As part of our “For Such a Time as This” series, we will be interviewing individuals from our Calvary community about how Jesus is working in their life and in the lives of those around them through this time of pandemic. Each week we will interview someone new, based on the reflection questions provided by our teaching team in the previous blogpost.
We’re checking in with Jorgia Skare this week. Jorgia is currently finishing up her grade 12 year at Millwoods Christian School, and works at Dairy Queen. When she isn’t quarantined, Jorgia likes to play sports, mainly basketball and volleyball, and she loves acting, singing, and dancing in her school’s theatre productions. Jorgia attends Calvary with her parents, Tina and Michael, and her younger brother, Parker. As a self-proclaimed extrovert, Jorgia says she really misses being around a community of people, during these COVID days! Thanks Jorgia, for sharing some of your reflections on what Jesus is doing in your life during these pandemic times.
In what ways might you feel abandoned?
I haven’t recently had many feelings of abandonment, but if I was to reflect on this question a month ago I would have said that I felt completely alone and lost. Finding out that school was cancelled was a huge fist to my chest. I had been going to that school since preschool and I had spent my entire life growing up there. It was so hard to come to terms with the fact that I wouldn’t be able to finish off my last year the way I wanted to, and it was even worse that I couldn’t take part in my last musical theatre show, Cinderella. For a while, I sulked around the house in self pity thinking that no one – not a single soul on the planet – knew how I felt. I felt like God had given me these amazing opportunities only to rip them away and leave me alone.
After getting annoyed at myself for feeling depressed, I had remembered the scripture verse that I had used for my testimony during my service trip to Puerto Escondido. This scripture brought me peace of mind. It is Joshua 1:9, and it says: “Have I not commanded you? Be strong and courageous. Do not be afraid; do not be discouraged, for the Lord your God will be with you wherever you go.” After rereading it, I realized that everyone is going through so much heartbreak right now, and despite feeling abandoned and alone, we are not.
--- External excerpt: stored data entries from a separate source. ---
(* For any prime number $p$ and any integer $n\ge 1$, $F(p,n)=p^{n-1}(p^n+p-1)$.
   Context: For a prime $p$ and $n\ge 1$, $r(p,n)$ denotes the number of orbits of the left action of $\mathrm{SL}(2,\mathbb{Z})$ on $(\mathbb{Z}_p\times\mathbb{Z}_p)^n$, where elements of $(\mathbb{Z}_p\times\mathbb{Z}_p)^n$ are viewed as $2\times n$ matrices over $\mathbb{Z}_p$ and a matrix in $\mathrm{SL}(2,\mathbb{Z})$ acts by left matrix multiplication with entries reduced modulo $p$. Define $F(p,n):=r(p,n+1)-r(p,n)$ for $n\ge 1$. *)

theory Defs
  imports Main "HOL-Computational_Algebra.Primes"
begin

text \<open>SL(2,Z): integer 2x2 matrices (a b; c d), encoded as (a,b,c,d), with determinant 1.\<close>
definition SL2Z :: "(int \<times> int \<times> int \<times> int) set" where
  "SL2Z = {(a, b, c, d). a * d - b * c = 1}"

text \<open>A 2 x n matrix over Z_p is a list of n columns (x,y) with entries in {0..p-1}.\<close>
definition configs :: "nat \<Rightarrow> nat \<Rightarrow> (int \<times> int) list set" where
  "configs p n = {xs. length xs = n \<and>
     (\<forall>(x, y) \<in> set xs. 0 \<le> x \<and> x < int p \<and> 0 \<le> y \<and> y < int p)}"

definition act :: "nat \<Rightarrow> int \<times> int \<times> int \<times> int \<Rightarrow> (int \<times> int) list \<Rightarrow> (int \<times> int) list" where
  "act p g xs = (case g of (a, b, c, d) \<Rightarrow>
     map (\<lambda>(x, y). ((a * x + b * y) mod int p, (c * x + d * y) mod int p)) xs)"

definition orbit :: "nat \<Rightarrow> (int \<times> int) list \<Rightarrow> (int \<times> int) list set" where
  "orbit p xs = {act p g xs | g. g \<in> SL2Z}"

definition r :: "nat \<Rightarrow> nat \<Rightarrow> nat" where
  "r p n = card {orbit p xs | xs. xs \<in> configs p n}"

definition F :: "nat \<Rightarrow> nat \<Rightarrow> int" where
  "F p n = int (r p (n + 1)) - int (r p n)"

end

theory Submission
  imports Defs "HOL-Number_Theory.Cong"
begin

(*
  SL(2,Z) acts on 2 x n matrices over Z_p through SL(2,Z_p), onto which it surjects, so the
  orbits can be sorted by the rank of the matrix mod p.  The zero matrix is its own orbit.  A
  rank-one matrix is determined within its orbit by any fixed nonzero column, and SL(2,Z_p) is
  transitive on nonzero vectors, so its orbit has p^2 - 1 elements.  On rank-two matrices the
  action is free, so their orbits have |SL(2,Z_p)| = p^3 - p elements.  Appending a column to a
  matrix of rank at most one keeps the rank at most one for p^2 columns if the matrix is zero
  and for p columns otherwise; hence the number N_n of such matrices is p^(n+1) + p^n - p, and
  r(p,n) (p^3 - p) = (p^3 - p) + p (N_n - 1) + (p^(2n) - N_n).
*)

lemma card_partition_uniform:
  assumes "finite T"
    and "\<And>x. x \<in> T \<Longrightarrow> x \<in> C x" and "\<And>x. x \<in> T \<Longrightarrow> C x \<subseteq> T"
    and "\<And>x y. x \<in> T \<Longrightarrow> y \<in> T \<Longrightarrow> C x \<inter> C y \<noteq> {} \<Longrightarrow> C x = C y"
    and "\<And>x. x \<in> T \<Longrightarrow> card (C x) = k"
  shows "k * card (C ` T) = card T"
proof -
  have cover: "\<Union>(C ` T) = T"
    using assms(2,3) by blast
  have "k * card (C ` T) = card (\<Union>(C ` T))"
  proof (rule card_partition)
    show "c1 \<inter> c2 = {}" if "c1 \<in> C ` T" "c2 \<in> C ` T" "c1 \<noteq> c2" for c1 c2
      using that assms(4) by blast
  qed (use assms cover in auto)
  with cover show ?thesis by simp
qed

lemma card_image_split_invariant:
  assumes "finite S" "T \<subseteq> S"
    and "\<And>x. x \<in> S \<Longrightarrow> x \<in> C x" and "\<And>x. x \<in> T \<Longrightarrow> C x \<subseteq> T"
  shows "card (C ` S) = card (C ` T) + card (C ` (S - T))"
proof -
  have "C ` S = C ` T \<union> C ` (S - T)"
    using assms(2) by blast
  moreover have "C ` T \<inter> C ` (S - T) = {}"
    using assms(3,4) by fastforce
  ultimately show ?thesis
    using assms(1,2) by (simp add: card_Un_disjoint finite_subset)
qed

definition mat_mult :: "int \<times> int \<times> int \<times> int \<Rightarrow> int \<times> int \<times> int \<times> int \<Rightarrow> int \<times> int \<times> int \<times> int"
  where "mat_mult g h = (case g of (a, b, c, d) \<Rightarrow> case h of (a', b', c', d') \<Rightarrow>
     (a * a' + b * c', a * b' + b * d', c * a' + d * c', c * b' + d * d'))"

definition mat_det :: "int \<times> int \<times> int \<times> int \<Rightarrow> int"
  where "mat_det g = (case g of (a, b, c, d) \<Rightarrow> a * d - b * c)"

definition mat_adj :: "int \<times> int \<times> int \<times> int \<Rightarrow> int \<times> int \<times> int \<times> int"
  where "mat_adj g = (case g of (a, b, c, d) \<Rightarrow> (d, -b, -c, a))"

definition mat_mod :: "nat \<Rightarrow> int \<times> int \<times> int \<times> int \<Rightarrow> int \<times> int \<times> int \<times> int"
  where "mat_mod p g = (case g of (a, b, c, d) \<Rightarrow> (a mod int p, b mod int p, c mod int p, d mod int p))"

definition act_vec :: "nat \<Rightarrow> int \<times> int \<times> int \<times> int \<Rightarrow> int \<times> int \<Rightarrow> int \<times> int"
  where "act_vec p g v = (case g of (a, b, c, d) \<Rightarrow> case v of (x, y) \<Rightarrow>
     ((a * x + b * y) mod int p, (c * x + d * y) mod int p))"

definition det2 :: "int \<times> int \<Rightarrow> int \<times> int \<Rightarrow> int"
  where "det2 u w = fst u * snd w - snd u * fst w"

lemma lincomb_mod_right: "(a * (u mod m) + b * (w mod m)) mod m = (a * u + b * w) mod (m::int)"
  by (metis mod_add_eq mod_mult_right_eq)

lemma lindiff_mod_right: "(a * (u mod m) - b * (w mod m)) mod m = (a * u - b * w) mod (m::int)"
  by (metis mod_diff_eq mod_mult_right_eq)

lemma lincomb_mod_left: "((a mod m) * u + (b mod m) * w) mod m = (a * u + b * w) mod (m::int)"
  by (metis mod_add_eq mod_mult_left_eq)

lemma det_mod: "((a mod m) * (d mod m) - (b mod m) * (c mod m)) mod m = (a * d - b * c) mod (m::int)"
  by (metis mod_diff_eq mod_mult_eq)

lemma act_eq_map: "act p g xs = map (act_vec p g) xs"
  by (cases g) (auto simp: act_def act_vec_def)

lemma SL2Z_iff_det: "g \<in> SL2Z \<longleftrightarrow> mat_det g = 1"
  by (cases g) (simp add: SL2Z_def mat_det_def)

lemma mat_det_mult: "mat_det (mat_mult g h) = mat_det g * mat_det h"
  by (cases g, cases h) (simp add: mat_det_def mat_mult_def algebra_simps)

lemma mat_det_adj: "mat_det (mat_adj g) = mat_det g"
  by (cases g) (simp add: mat_det_def mat_adj_def algebra_simps)

lemma mat_mult_adj_left: "mat_mult (mat_adj g) g = (mat_det g, 0, 0, mat_det g)"
  by (cases g) (simp add: mat_det_def mat_mult_def mat_adj_def algebra_simps)

lemma act_vec_mat_mult: "act_vec p (mat_mult g h) v = act_vec p g (act_vec p h v)"
  by (cases g, cases h, cases v) (simp add: act_vec_def mat_mult_def lincomb_mod_right algebra_simps)

lemma act_mat_mult: "act p (mat_mult g h) xs = act p g (act p h xs)"
  by (simp add: act_eq_map act_vec_mat_mult)

lemma act_vec_mat_mod: "act_vec p (mat_mod p g) v = act_vec p g v"
  by (cases g, cases v) (simp add: act_vec_def mat_mod_def lincomb_mod_left)

lemma act_mat_mod: "act p (mat_mod p g) xs = act p g xs"
  by (simp add: act_eq_map act_vec_mat_mod)

lemma act_vec_zero: "act_vec p g (0, 0) = (0, 0)"
  by (cases g) (simp add: act_vec_def)

lemma det2_act_vec:
  "det2 (act_vec p g u) (act_vec p g w) mod int p = (mat_det g * det2 u w) mod int p"
proof -
  obtain a b c d where g: "g = (a, b, c, d)" by (cases g) auto
  obtain x y x' y' where uw: "u = (x, y)" "w = (x', y')" by (cases u, cases w) auto
  have "det2 (act_vec p g u) (act_vec p g w) mod int p =
     ((a*x + b*y) * (c*x' + d*y') - (c*x + d*y) * (a*x' + b*y')) mod int p"
    by (simp add: g uw act_vec_def det2_def det_mod)
  also have "\<dots> = (mat_det g * det2 u w) mod int p"
    by (simp add: g uw mat_det_def det2_def algebra_simps)
  finally show ?thesis .
qed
Thinking that God wanted us to lose our grade 12 year, our last theatre productions, for some people their weddings and even loved ones, is a completely wrong and blind way to think. God is right there suffering with us, like the Footprints poem, he is carrying us through it.
When prayerful – who comes to mind as a person who feels abandoned and who is waiting for connection with you? Who is the Lord nudging you to connect with?
Honestly I can’t pin just one person who I think feels abandoned. I know that so many people are feeling alone, angry, and depressed. However, I feel like brides and grooms who have lost their wedding dates due to isolation, people who have lost loved ones due to this virus, people who can’t even attend their loved one’s funerals, need our prayers. Everyone needs our prayers.
During this time that I’m away from school, I feel like God is nudging me to renew relationships that have been damaged, to reach out to people I maybe have never talked to or to people in my life that I have lost touch with.